In response, the Brazilian officials said if Kia officially
presents a specific investment plan in writing, they will
do their best to get the carmaker out of the quandary.
Kia failed to make good on its promise to invest $500
million in 1997 as a result of its bankruptcy and legal
dispute with local importers. The Brazilian government
imposed the fines because it had already granted customs
benefits to Kia on condition that it makes the investment.

In Saturday's meeting, officials of the two countries also
agreed to set up a $10 million fund for industrial
cooperation. Brazil also agreed to improve the procedures
for issuing visas to Koreans who want to stay there
permanently.

The officials agreed to improve Brazil's quality
certification method on Korean tires and the Korean side
also expressed concerns about Brazil's moves to restrict
Korean nylon products and stainless steel pipes, the
ministry said.  (The Korea Herald  05-Jun-2000)


===============
M A L A Y S I A
===============

GRAND BRILLIANCE: Allowed to extend FRNs
----------------------------------------
Grand Brilliance Sdn Bhd (GBSB) has obtained approval from
Bank Negara Malaysia to extend the tenure of the first and
second tranche of its Floating Rate Notes (FRN) for RM16
million (US$4.2 million) and RM9 million respectively to
May 30, 2001.

The first and second tranche of the FRN were originally
scheduled to mature on May 30, 2000 and September 22, 2000
respectively.  A company statement here said Friday the
facility, which was  previously downgraded to C3/NP, had a
corporate guarantee from Sistem Televisyen Malaysia Bhd
(TV3).

Currently, TV3 is in the midst of restructuring its
financial obligations with the help of the Corporate Debt
Restructuring Committee.  A scheme had been proposed and
was currently awaiting approval of TV3's creditors. The
scheme would also deal with the principal repayment of the
FRN.  RAM is closely monitoring the development and would
make the appropriate announcement as it develops. (Asia
Pulse  02-Jun-2000)

GRANITE INDUSTRIES BHD: Incurred pre-tax loss for Q1
----------------------------------------------------
Granite Industries Bhd has incurred a pre-tax loss of
RM342,000 on a turnover of RM20.216mil for its first
quarter ended March 31.

The group had total borrowings of RM687.377mil at end-
March.  Granite said, however, the losses were lower than
the RM4.423mil incurred in the last quarter of 1999. It
attributed the improvement to lower operating costs due to
continuing efforts to control them as well as increase
productivity and efficiency.  (The Star  02-Jun-2000)

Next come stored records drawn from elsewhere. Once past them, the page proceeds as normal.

lemma in_Lp_density_imp_in_Lp_mult:
  assumes L: "in_Lp (density M (\<lambda>x. ennreal (w x))) p f" and "1 \<le> p"
    and w_meas: "w \<in> borel_measurable M" and w_pos: "\<And>x. 0 < w x" and w_le: "\<And>x. w x \<le> 1"
  shows "in_Lp M p (\<lambda>x. complex_of_real (w x) * f x)"
proof -
  have f_meas[measurable]: "f \<in> borel_measurable M"
    using L unfolding in_Lp_def by simp
  have norm_wf: "norm (complex_of_real (w x) * f x) = w x * norm (f x)" for x
    using w_pos[of x] by (simp add: norm_mult)
  show ?thesis
  proof (cases "p = \<infinity>")
    case True
    then obtain C where "AE x in M. 0 < w x \<longrightarrow> norm (f x) \<le> C"
      using L w_meas unfolding in_Lp_def by (auto simp: AE_density)
    then have "AE x in M. norm (complex_of_real (w x) * f x) \<le> C"
      by eventually_elim
        (metis w_pos w_le norm_wf mult_left_le_one_le norm_ge_zero order_trans less_imp_le)
    then show ?thesis using True w_meas unfolding in_Lp_def by auto
  next
    case False
    define q where "q = enn2real p"
    have "q \<ge> 1" unfolding q_def using enn2real_mono[OF \<open>1 \<le> p\<close>] False by (simp add: less_top)
    have "(\<integral>\<^sup>+ x. ennreal (norm (complex_of_real (w x) * f x) powr q) \<partial>M)
        \<le> (\<integral>\<^sup>+ x. ennreal (w x) * ennreal (norm (f x) powr q) \<partial>M)"
    proof (intro nn_integral_mono)
      fix x
      have "w x powr q \<le> w x powr 1"
        using w_pos[of x] w_le[of x] \<open>q \<ge> 1\<close> by (intro powr_mono') auto
      then have "norm (complex_of_real (w x) * f x) powr q \<le> w x * norm (f x) powr q"
        using w_pos[of x] by (simp add: norm_wf powr_mult mult_right_mono)
      then show "ennreal (norm (complex_of_real (w x) * f x) powr q)
          \<le> ennreal (w x) * ennreal (norm (f x) powr q)"
        using w_pos[of x] by (simp add: ennreal_mult[symmetric] ennreal_leI)
    qed
    also have "\<dots> = (\<integral>\<^sup>+ x. ennreal (norm (f x) powr q) \<partial>density M (\<lambda>x. ennreal (w x)))"
      using w_meas by (intro nn_integral_density[symmetric]) auto
    also have "\<dots> < \<infinity>" using L False unfolding in_Lp_def q_def by simp
    finally show ?thesis using False w_meas unfolding in_Lp_def q_def by auto
  qed
qed

lemma AE_density_pos_iff:
  assumes "w \<in> borel_measurable M" and "\<And>x. 0 < w x"
  shows "(AE x in density M (\<lambda>x. ennreal (w x)). P x) \<longleftrightarrow> (AE x in M. P x)"
  using assms by (simp add: AE_density)

lemma integral_density_complex:
  fixes f :: "'a \<Rightarrow> complex"
  assumes "f \<in> borel_measurable M" and "w \<in> borel_measurable M" and "\<And>x. 0 \<le> w x"
  shows "(\<integral>x. f x \<partial>density M (\<lambda>x. ennreal (w x))) = (\<integral>x. complex_of_real (w x) * f x \<partial>M)"
  using assms by (simp add: integral_density scaleR_conv_of_real)

text \<open>The factor \<open>e\<^sup>s\<close> makes the kernel zero-free: \<open>\<integral>\<^sub>0\<^sup>d e\<^sup>i\<^sup>s\<^sup>x ds\<close> alone vanishes at
  \<open>x \<in> 2\<pi>\<int>/d\<close>.\<close>

definition exp_kernel :: "real \<Rightarrow> real \<Rightarrow> complex" where
  "exp_kernel d x = (LBINT s:{0..d}. exp (complex_of_real s * (1 + \<i> * complex_of_real x)))"

lemma one_plus_i_times_real_nonzero: "1 + \<i> * complex_of_real x \<noteq> 0"
  by (simp add: complex_eq_iff)

lemma norm_one_plus_i_times_real: "max 1 \<bar>x\<bar> \<le> norm (1 + \<i> * complex_of_real x)"
proof -
  have "norm (1 + \<i> * complex_of_real x) = sqrt (1 + x\<^sup>2)" by (simp add: cmod_def)
  moreover have "max 1 \<bar>x\<bar> \<le> sqrt (1 + x\<^sup>2)"
    by (metis max.bounded_iff real_sqrt_abs real_sqrt_le_mono real_sqrt_one
        le_add_same_cancel1 le_add_same_cancel2 zero_le_one zero_le_power2)
  ultimately show ?thesis by simp
qed

lemma exp_kernel_eq:
  assumes "d \<ge> 0"
  shows "exp_kernel d x = (exp (complex_of_real d * (1 + \<i> * complex_of_real x)) - 1)
                          / (1 + \<i> * complex_of_real x)"
proof -
  define z where "z = 1 + \<i> * complex_of_real x"
  have "z \<noteq> 0" unfolding z_def by (rule one_plus_i_times_real_nonzero)
  have "exp_kernel d x = (LBINT s=ereal 0..ereal d. exp (complex_of_real s * z))"
    unfolding exp_kernel_def z_def[symmetric]
    using interval_integral_Icc[of 0 d "\<lambda>s. exp (complex_of_real s * z)"] assms by simp
  also have "\<dots> = exp (complex_of_real d * z) / z - exp (complex_of_real 0 * z) / z"
    using \<open>z \<noteq> 0\<close>
    by (intro interval_integral_FTC_finite continuous_intros has_vector_derivative_real_field)
      (auto intro!: derivative_eq_intros)
  finally show ?thesis by (simp add: z_def diff_divide_distrib)
qed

LIEN HOE CORP BHD: SC conditionally approves restructure
--------------------------------------------------------
Lien Hoe Corp Bhd has received conditional approval from
the Securities Commission (SC) for its proposed debt
restructuring exercise, which includes capital reduction,
share consolidation, acquisitions and warrants and rights
issues exercises.

In an announcement to the Kuala Lumpur Stock Exchange, Lien
Hoe said among the conditions were that the company wind up
its investments in two overseas subsidiaries -- Carlton
Resources Inc in Liberia, Africa, and PT Budi Trisakti in
Acheh, Sumatra - and to maximise recovery of its investment
costs and advances paid to both these companies.

Lien Hoe is also prohibited from expanding its operations
overseas without the commission's prior written approval.
In addition, the company is required "to appoint an
independent audit firm to be approved by the SC for the
purpose of reviewing and investigating the possible
misconduct of the company's decision to invest in Carlton
and PT Budi," the statement said.

It added that the audit firm is to report directly to the
SC instead of Lien Hoe, which shall bear all expenses
relating to the appointment of the audit firm.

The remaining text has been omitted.